Nobody seems to want to grapple with the fact that changing hash formats is
as large or larger a problem in exactly the same way.

I'm not saying that changing the timestamp granularity justifies a format
break.  I'm saying that *since you're going to have one anyway*, the option
to increase timestamp precision at the same time should not be missed.
It is probably the round tripping issue with a non-fixed format (for the time string) that will scupper the idea, plus the focus being primarily on the DAG as the fundamental lineage (which only gives partial order, which can be an issue for other VCS systems that are based on incremental changes rather than snapshots) The transition is well underway see thread: https://public-inbox.org/git/20190212012256.1005924-1-sandals@xxxxxxxxxxxxxxxxxxxx/ for a patch series.

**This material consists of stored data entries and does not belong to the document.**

theorem mainTheorem6:
  assumes "typing \<Gamma> t A" and "typing \<Gamma> u A" and "ctx_equiv \<Gamma> t u A"
  shows "sem_equiv \<Gamma> t u"
  unfolding sem_equiv_def
proof (intro allI impI)
  fix M \<rho> assume M: "model M" and \<rho>: "\<rho> \<in> env_dom M \<Gamma>"
  have t: "sem M t \<rho> \<in> dom (tsubst M A)" and u: "sem M u \<rho> \<in> dom (tsubst M A)"
    using sem_in_dom assms(1,2) M \<rho> by blast+
  obtain D where D: "ctyping [] D (map (tsubst M) \<Gamma>) (tsubst M A) Bool"
    and sem_D: "\<forall>s. sem M s \<rho> \<in> dom (tsubst M A) \<longrightarrow>
                      sem M (plug D s) [] = (if sem M s \<rho> = sem M t \<rho> then tt else ff)"
    using separating_context[OF M \<rho> t] by blast
  have typing_D: "typing [] (plug D (msubst M s)) Bool" if "typing \<Gamma> s A" for s
    using typing_plug[OF D typing_msubst[OF that]] .
  have "beq (plug D (msubst M t)) (plug D (msubst M u))"
    using assms(3) M D unfolding ctx_equiv_def by blast
  then have "sem M (plug D (msubst M t)) [] = sem M (plug D (msubst M u)) []"
    using typing_D[OF assms(1)] typing_D[OF assms(2)] M by (rule beq_sound) (simp add: env_dom_def)
  then show "sem M t \<rho> = sem M u \<rho>"
    using sem_D t u by (simp add: sem_msubst[OF M] split: if_splits)
qed

end
lemma (in prob_space) gamma_series_distributed_cdf:
  assumes \<alpha>: "0 < \<alpha>" and \<beta>: "0 < \<beta>" and X: "gamma_series_distributed M X \<alpha> a \<beta>" and z: "0 \<le> z"
  shows "(\<lambda>i. a $ i * gamma_kernel (real i * \<alpha> + \<beta> + 1) z) sums measure M {w \<in> space M. X w \<le> z}"
proof -
  define F where "F t = indicator {0<..z} t * gamma_series \<alpha> a \<beta> t" for t
  have X_pdf: "distributed M lborel X (gamma_series_pdf \<alpha> a \<beta>)"
    and a: "gamma_series_abs_summable \<alpha> a \<beta>" and a_nonneg: "\<And>t. 0 < t \<Longrightarrow> 0 \<le> gamma_series \<alpha> a \<beta> t"
    using X by (auto simp: gamma_series_distributed_def)
  note F = gamma_series_integral_Ioc[OF \<alpha> \<beta> a z, folded F_def]
  have "emeasure M {w \<in> space M. X w \<le> z} = emeasure (density lborel (gamma_series_pdf \<alpha> a \<beta>)) {..z}"
    using distributed_measurable[OF X_pdf]
    by (subst distributed_distr_eq_density[OF X_pdf, symmetric], subst emeasure_distr)
       (auto intro!: arg_cong[where f = "emeasure M"])
  also have "\<dots> = (\<integral>\<^sup>+t. ennreal (F t) \<partial>lborel)"
    using distributed_borel_measurable[OF X_pdf]
    by (subst emeasure_density) (auto intro!: nn_integral_cong simp: gamma_series_pdf_def F_def split: split_indicator)
  also have "\<dots> = ennreal (integral\<^sup>L lborel F)"
    using a_nonneg by (intro nn_integral_eq_integral F) (auto simp: F_def split: split_indicator)
  finally have "measure M {w \<in> space M. X w \<le> z} = integral\<^sup>L lborel F"
    using a_nonneg by (simp add: measure_def F_def integral_nonneg split: split_indicator)
  then show ?thesis
    using F(2) by simp
qed

lemma (in prob_space) gamma_series_distributed_explicit:
  fixes d :: "nat \<Rightarrow> real"
  assumes \<alpha>: "0 < \<alpha>" and \<beta>: "0 < \<beta>" and c: "0 < c"
    and X: "gamma_series_distributed M X \<alpha> (fps_const c * Abs_fps d) \<beta>"
  shows "(\<forall>z>0. summable (\<lambda>i. d i * z powr (-1 + real i * \<alpha> + \<beta>) / Gamma (real i * \<alpha> + \<beta>)))
    \<and> distributed M lborel X (\<lambda>z. ennreal (if 0 < z then
        c * (\<Sum>i. d i * z powr (-1 + real i * \<alpha> + \<beta>) / Gamma (real i * \<alpha> + \<beta>)) else 0))
    \<and> (\<forall>z\<ge>0. (\<lambda>i. c * (d i * z powr (real i * \<alpha> + \<beta>) / Gamma (1 + real i * \<alpha> + \<beta>)))
        sums measure M {w \<in> space M. X w \<le> z})"
proof -
  have kernel: "gamma_kernel (real i * \<alpha> + \<beta>) z = z powr (-1 + real i * \<alpha> + \<beta>) / Gamma (real i * \<alpha> + \<beta>)"
    and kernel_plus1: "gamma_kernel (real i * \<alpha> + \<beta> + 1) z = z powr (real i * \<alpha> + \<beta>) / Gamma (1 + real i * \<alpha> + \<beta>)"
    for i z by (simp_all add: gamma_kernel_def algebra_simps)
  have summable: "summable (\<lambda>i. d i * gamma_kernel (real i * \<alpha> + \<beta>) z)" if "0 < z" for z
  proof (rule summable_rabs_cancel)
    have "summable (\<lambda>i. c * (\<bar>d i\<bar> * gamma_kernel (real i * \<alpha> + \<beta>) z))"
      using X c that by (simp add: gamma_series_distributed_def gamma_series_abs_summable_def abs_mult mult.assoc)
    then show "summable (\<lambda>i. \<bar>d i * gamma_kernel (real i * \<alpha> + \<beta>) z\<bar>)"
      using c \<alpha> \<beta> by (simp add: abs_mult gamma_kernel_nonneg add_nonneg_pos)
  qed
  have "gamma_series \<alpha> (fps_const c * Abs_fps d) \<beta> z = c * (\<Sum>i. d i * gamma_kernel (real i * \<alpha> + \<beta>) z)"
    if "0 < z" for z
    using suminf_mult[OF summable[OF that], of c] by (simp add: gamma_series_def mult.assoc)
  then have "gamma_series_pdf \<alpha> (fps_const c * Abs_fps d) \<beta> = (\<lambda>z. ennreal (if 0 < z then
      c * (\<Sum>i. d i * z powr (-1 + real i * \<alpha> + \<beta>) / Gamma (real i * \<alpha> + \<beta>)) else 0))"
    by (simp add: fun_eq_iff gamma_series_pdf_def kernel)
  then show ?thesis
    using X summable gamma_series_distributed_cdf[OF \<alpha> \<beta> X]
    by (simp add: gamma_series_distributed_def kernel kernel_plus1 mult.assoc)
qed

section \<open>Ratios of independent alpha-mu variables\<close>

lemma (in prob_space) indep_var_lborel:
  "indep_var borel X borel Y \<Longrightarrow> indep_var lborel X lborel Y"
  by (simp add: indep_var_def indep_vars_def bool.case_eq_if)

lemma nn_integral_indicator_divide:
  fixes h :: "real \<Rightarrow> ennreal"
  assumes [measurable]: "h \<in> borel_measurable borel" "A \<in> sets borel" and y: "0 < y"
  shows "(\<integral>\<^sup>+x. h x * indicator A (x / y) \<partial>lborel) = (\<integral>\<^sup>+t. ennreal y * h (t * y) * indicator A t \<partial>lborel)"
proof -
  have "(\<integral>\<^sup>+x. h x * indicator A (x / y) \<partial>lborel)
      = ennreal y * (\<integral>\<^sup>+t. h (t * y) * indicator A t \<partial>lborel)"
    using y by (subst nn_integral_real_affine[where c = y and t = 0]) (auto simp: mult.commute)
  also have "\<dots> = (\<integral>\<^sup>+t. ennreal y * h (t * y) * indicator A t \<partial>lborel)"
    by (subst nn_integral_cmult[symmetric]) (auto simp: mult.assoc)
  finally show ?thesis .
qed

lemma (in prob_space) distributed_divide:
  fixes X Y :: "'a \<Rightarrow> real" and f g :: "real \<Rightarrow> ennreal"
  assumes X: "distributed M lborel X f" and Y: "distributed M lborel Y g"
    and indep: "indep_var borel X borel Y"
    and g_nonpos: "\<And>y. y \<le> 0 \<Longrightarrow> g y = 0"
  shows "distributed M lborel (\<lambda>w. X w / Y w) (\<lambda>t. \<integral>\<^sup>+y. ennreal y * f (t * y) * g y \<partial>lborel)"
  unfolding distributed_def
proof safe
  have [measurable]: "f \<in> borel_measurable borel" "g \<in> borel_measurable borel"
    "X \<in> borel_measurable M" "Y \<in> borel_measurable M"
    using distributed_borel_measurable[OF X] distributed_borel_measurable[OF Y]
      distributed_measurable[OF X] distributed_measurable[OF Y] by simp_all
  show "(\<lambda>t. \<integral>\<^sup>+y. ennreal y * f (t * y) * g y \<partial>lborel) \<in> borel_measurable lborel"
    by measurable
  show "random_variable lborel (\<lambda>w. X w / Y w)" by simp
  have XY: "distributed M (lborel \<Otimes>\<^sub>M lborel) (\<lambda>x. (X x, Y x)) (\<lambda>(x, y). f x * g y)"
    by (rule distributed_joint_indep[OF _ _ X Y indep_var_lborel[OF indep]])
       (auto intro: lborel.sigma_finite_measure_axioms)
  show "distr M lborel (\<lambda>w. X w / Y w) = density lborel (\<lambda>t. \<integral>\<^sup>+y. ennreal y * f (t * y) * g y \<partial>lborel)"
  proof (rule measure_eqI)
    fix A assume "A \<in> sets (distr M lborel (\<lambda>w. X w / Y w))"
    then have [measurable]: "A \<in> sets borel" by simp
    have "(\<lambda>p :: real \<times> real. fst p / snd p) \<in> borel_measurable (lborel \<Otimes>\<^sub>M lborel)"
      by measurable
    from measurable_sets[OF this, of A]
    have [measurable]: "{p :: real \<times> real. fst p / snd p \<in> A} \<in> sets (borel \<Otimes>\<^sub>M borel)"
      by (simp add: space_pair_measure vimage_def)
    have "emeasure (distr M lborel (\<lambda>w. X w / Y w)) A
        = emeasure (distr M (lborel \<Otimes>\<^sub>M lborel) (\<lambda>x. (X x, Y x))) {p. fst p / snd p \<in> A}"
      by (subst (1 2) emeasure_distr) (auto simp: space_pair_measure intro!: arg_cong[where f = "emeasure M"])
    also have "\<dots> = (\<integral>\<^sup>+p. f (fst p) * g (snd p) * indicator {p. fst p / snd p \<in> A} p \<partial>(lborel \<Otimes>\<^sub>M lborel))"
      by (simp add: distributed_distr_eq_density[OF XY] emeasure_density case_prod_beta')
    also have "\<dots> = (\<integral>\<^sup>+y. (\<integral>\<^sup>+x. f x * g y * indicator A (x / y) \<partial>lborel) \<partial>lborel)"
      by (subst lborel_pair.nn_integral_snd[symmetric]) (auto intro!: nn_integral_cong split: split_indicator)
    also have "\<dots> = (\<integral>\<^sup>+y. (\<integral>\<^sup>+t. ennreal y * f (t * y) * g y * indicator A t \<partial>lborel) \<partial>lborel)"
    proof (rule nn_integral_cong)
      fix y :: real
      show "(\<integral>\<^sup>+x. f x * g y * indicator A (x / y) \<partial>lborel)
          = (\<integral>\<^sup>+t. ennreal y * f (t * y) * g y * indicator A t \<partial>lborel)"
        using nn_integral_indicator_divide[of "\<lambda>x. f x * g y" A y]
        by (cases "0 < y") (simp_all add: g_nonpos mult_ac)
    qed
    also have "\<dots> = (\<integral>\<^sup>+t. (\<integral>\<^sup>+y. ennreal y * f (t * y) * g y \<partial>lborel) * indicator A t \<partial>lborel)"
      by (subst lborel_pair.Fubini') (auto intro!: nn_integral_cong nn_integral_multc)
    also have "\<dots> = emeasure (density lborel (\<lambda>t. \<integral>\<^sup>+y. ennreal y * f (t * y) * g y \<partial>lborel)) A"
      by (rule emeasure_density[symmetric]) auto
    finally show "emeasure (distr M lborel (\<lambda>w. X w / Y w)) A
        = emeasure (density lborel (\<lambda>t. \<integral>\<^sup>+y. ennreal y * f (t * y) * g y \<partial>lborel)) A" .
  qed simp
qed

definition alpha_mu_norm :: "real \<Rightarrow> real \<Rightarrow> real \<Rightarrow> real" where
  "alpha_mu_norm a mu Om = a * mu powr mu / (Om powr (a * mu) * Gamma mu)"

definition alpha_mu_rate :: "real \<Rightarrow> real \<Rightarrow> real \<Rightarrow> real" where
  "alpha_mu_rate a mu Om = mu / Om powr a"

(* Coefficients of the density of M / Q; the product of the constant factors over l is the C of the
   theorem. *)
definition alpha_mu_ratio_fps :: "real \<Rightarrow> real \<Rightarrow> real \<Rightarrow> real \<Rightarrow> real \<Rightarrow> real \<Rightarrow> real fps" where
  "alpha_mu_ratio_fps aM aQ muM muQ OmM OmQ =
     fps_const (aM / (Gamma muM * Gamma muQ)) * Abs_fps (u_coef aM aQ muM muQ OmM OmQ)"

lemma alpha_mu_pdf_pos:
  "0 < m \<Longrightarrow> alpha_mu_pdf a mu Om m = alpha_mu_norm a mu Om * m powr (a * mu - 1) * exp (- alpha_mu_rate a mu Om * m powr a)"
  by (simp add: alpha_mu_pdf_def alpha_mu_norm_def alpha_mu_rate_def)

lemma alpha_mu_pdf_nonneg: "0 < a \<Longrightarrow> 0 < mu \<Longrightarrow> 0 < Om \<Longrightarrow> 0 \<le> alpha_mu_pdf a mu Om m"
  by (simp add: alpha_mu_pdf_def)

lemma alpha_mu_norm_pos: "0 < a \<Longrightarrow> 0 < mu \<Longrightarrow> 0 < Om \<Longrightarrow> 0 < alpha_mu_norm a mu Om"
  by (simp add: alpha_mu_norm_def)

lemma alpha_mu_rate_pos: "0 < mu \<Longrightarrow> 0 < Om \<Longrightarrow> 0 < alpha_mu_rate a mu Om"
  by (simp add: alpha_mu_rate_def)

lemma u_coef_0_pos:
  assumes "0 < aM" "0 < aQ" "0 < muM" "0 < muQ" "0 < OmM" "0 < OmQ"
  shows "0 < u_coef aM aQ muM muQ OmM OmQ 0"
  using assms by (simp add: u_coef_def rho_tilde_def Gamma_real_pos add_pos_pos)

lemma alpha_mu_ratio_const:
  fixes aM aQ muM muQ OmM OmQ :: real and i :: nat
  assumes "0 < aM" "0 < aQ" "0 < muM" "0 < muQ" "0 < OmM" "0 < OmQ"
  shows "alpha_mu_norm aM muM OmM * alpha_mu_norm aQ muQ OmQ * alpha_mu_rate aM muM OmM ^ i
           / (aQ * alpha_mu_rate aQ muQ OmQ powr (aM * (muM + real i) / aQ + muQ))
         = aM / (Gamma muM * Gamma muQ) * rho_tilde aM aQ muM muQ OmM OmQ powr (aM * (muM + real i))"
    (is "?L = ?R")
proof -
  have Gamma: "0 < Gamma muM" "0 < Gamma muQ" using assms by (auto intro: Gamma_real_pos)
  have "0 < ?L" "0 < ?R"
    using assms Gamma by (simp_all add: alpha_mu_norm_def alpha_mu_rate_def rho_tilde_def)
  moreover have "ln ?L = ln ?R"
    using assms Gamma
    by (simp add: alpha_mu_norm_def alpha_mu_rate_def rho_tilde_def ln_mult_pos ln_divide_pos ln_realpow field_simps)
  ultimately show ?thesis by simp
qed

lemma alpha_mu_ratio_term:
  fixes aM aQ muM muQ OmM OmQ t :: real and i :: nat
  assumes "0 < aM" "0 < aQ" "0 < muM" "0 < muQ" "0 < OmM" "0 < OmQ" "0 < t"
  defines "r \<equiv> aM * real i + (aM * muM + aQ * muQ)"
  shows "alpha_mu_norm aM muM OmM * alpha_mu_norm aQ muQ OmQ * t powr (aM * muM - 1)
           * (- alpha_mu_rate aM muM OmM * t powr aM) ^ i / fact i
           * (Gamma (r / aQ) / (aQ * alpha_mu_rate aQ muQ OmQ powr (r / aQ)))
         = alpha_mu_ratio_fps aM aQ muM muQ OmM OmQ $ i * gamma_kernel (real i * aM + aM * muM) t"
proof -
  define \<rho> where "\<rho> = rho_tilde aM aQ muM muQ OmM OmQ"
  define e where "e = aM * (muM + real i) / aQ + muQ"
  have r: "r / aQ = e" using assms(2) by (simp add: r_def e_def field_simps)
  have \<rho>: "0 < \<rho>" using assms by (simp add: \<rho>_def rho_tilde_def)
  have Gamma: "0 < Gamma (real i * aM + aM * muM)"
    using assms by (intro Gamma_real_pos add_nonneg_pos) auto
  have t_powr: "t powr (aM * muM - 1) * (t powr aM) ^ i = t powr (real i * aM + aM * muM - 1)"
    using assms(7) by (simp add: powr_power powr_add[symmetric] algebra_simps)
  have u: "u_coef aM aQ muM muQ OmM OmQ i
      = (-1) ^ i * Gamma (real i * aM + aM * muM) * \<rho> powr (aM * (muM + real i)) / fact i * Gamma e"
  proof -
    have "\<rho> powr (- aM * (muM + real i)) = 1 / \<rho> powr (aM * (muM + real i))"
      by (simp add: powr_minus divide_inverse)
    moreover have "aM * (real i + muM) = real i * aM + aM * muM" "aM * (real i + muM) / aQ + muQ = e"
      by (simp_all add: e_def algebra_simps)
    ultimately show ?thesis
      by (simp add: u_coef_def \<rho>_def[symmetric])
  qed
  have "alpha_mu_norm aM muM OmM * alpha_mu_norm aQ muQ OmQ * t powr (aM * muM - 1)
           * (- alpha_mu_rate aM muM OmM * t powr aM) ^ i / fact i
           * (Gamma (r / aQ) / (aQ * alpha_mu_rate aQ muQ OmQ powr (r / aQ)))
      = (-1) ^ i * (alpha_mu_norm aM muM OmM * alpha_mu_norm aQ muQ OmQ * alpha_mu_rate aM muM OmM ^ i
           / (aQ * alpha_mu_rate aQ muQ OmQ powr e)) * (t powr (aM * muM - 1) * (t powr aM) ^ i) * Gamma e / fact i"
  proof -
    have "(- alpha_mu_rate aM muM OmM * t powr aM) ^ i = (-1) ^ i * alpha_mu_rate aM muM OmM ^ i * (t powr aM) ^ i"
      by (simp add: power_minus[of "alpha_mu_rate aM muM OmM * t powr aM"] power_mult_distrib)
    then show ?thesis
      unfolding r by (simp add: mult_ac)
  qed
  also have "\<dots> = (-1) ^ i * (aM / (Gamma muM * Gamma muQ) * \<rho> powr (aM * (muM + real i)))
      * t powr (real i * aM + aM * muM - 1) * Gamma e / fact i"
    unfolding alpha_mu_ratio_const[OF assms(1-6), of i, folded e_def \<rho>_def] t_powr ..
  also have "\<dots> = alpha_mu_ratio_fps aM aQ muM muQ OmM OmQ $ i * gamma_kernel (real i * aM + aM * muM) t"
    using Gamma by (simp add: alpha_mu_ratio_fps_def gamma_kernel_def u) (simp add: mult_ac)
  finally show ?thesis .
qed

The plan is at: https://github.com/git/git/blob/master/Documentation/technical/hash-function-transition.txt <https://github.com/git/git/blob/v2.19.0-rc0/Documentation/technical/hash-function-transition.txt>, some discussions at thread: https://public-inbox.org/git/878t4xfaes.fsf@xxxxxxxxxxxxxxxxxxx/ etc.

The timestamp problem is known see yesterdays thread: https://public-inbox.org/git/20190518005412.n45pj5p2rrtm2bfj@xxxxxxxxxxxx/

Given that the object ID should be immutable for a round trip, using 64bits from the sha1-oid as notional 'nano-second' time does give a reasonable birthday attack resistance of ~32 bits (i.e. >1M commits with identical whole second timestamps). [or choose the sha-256 once the transition is well underway]
--
Philip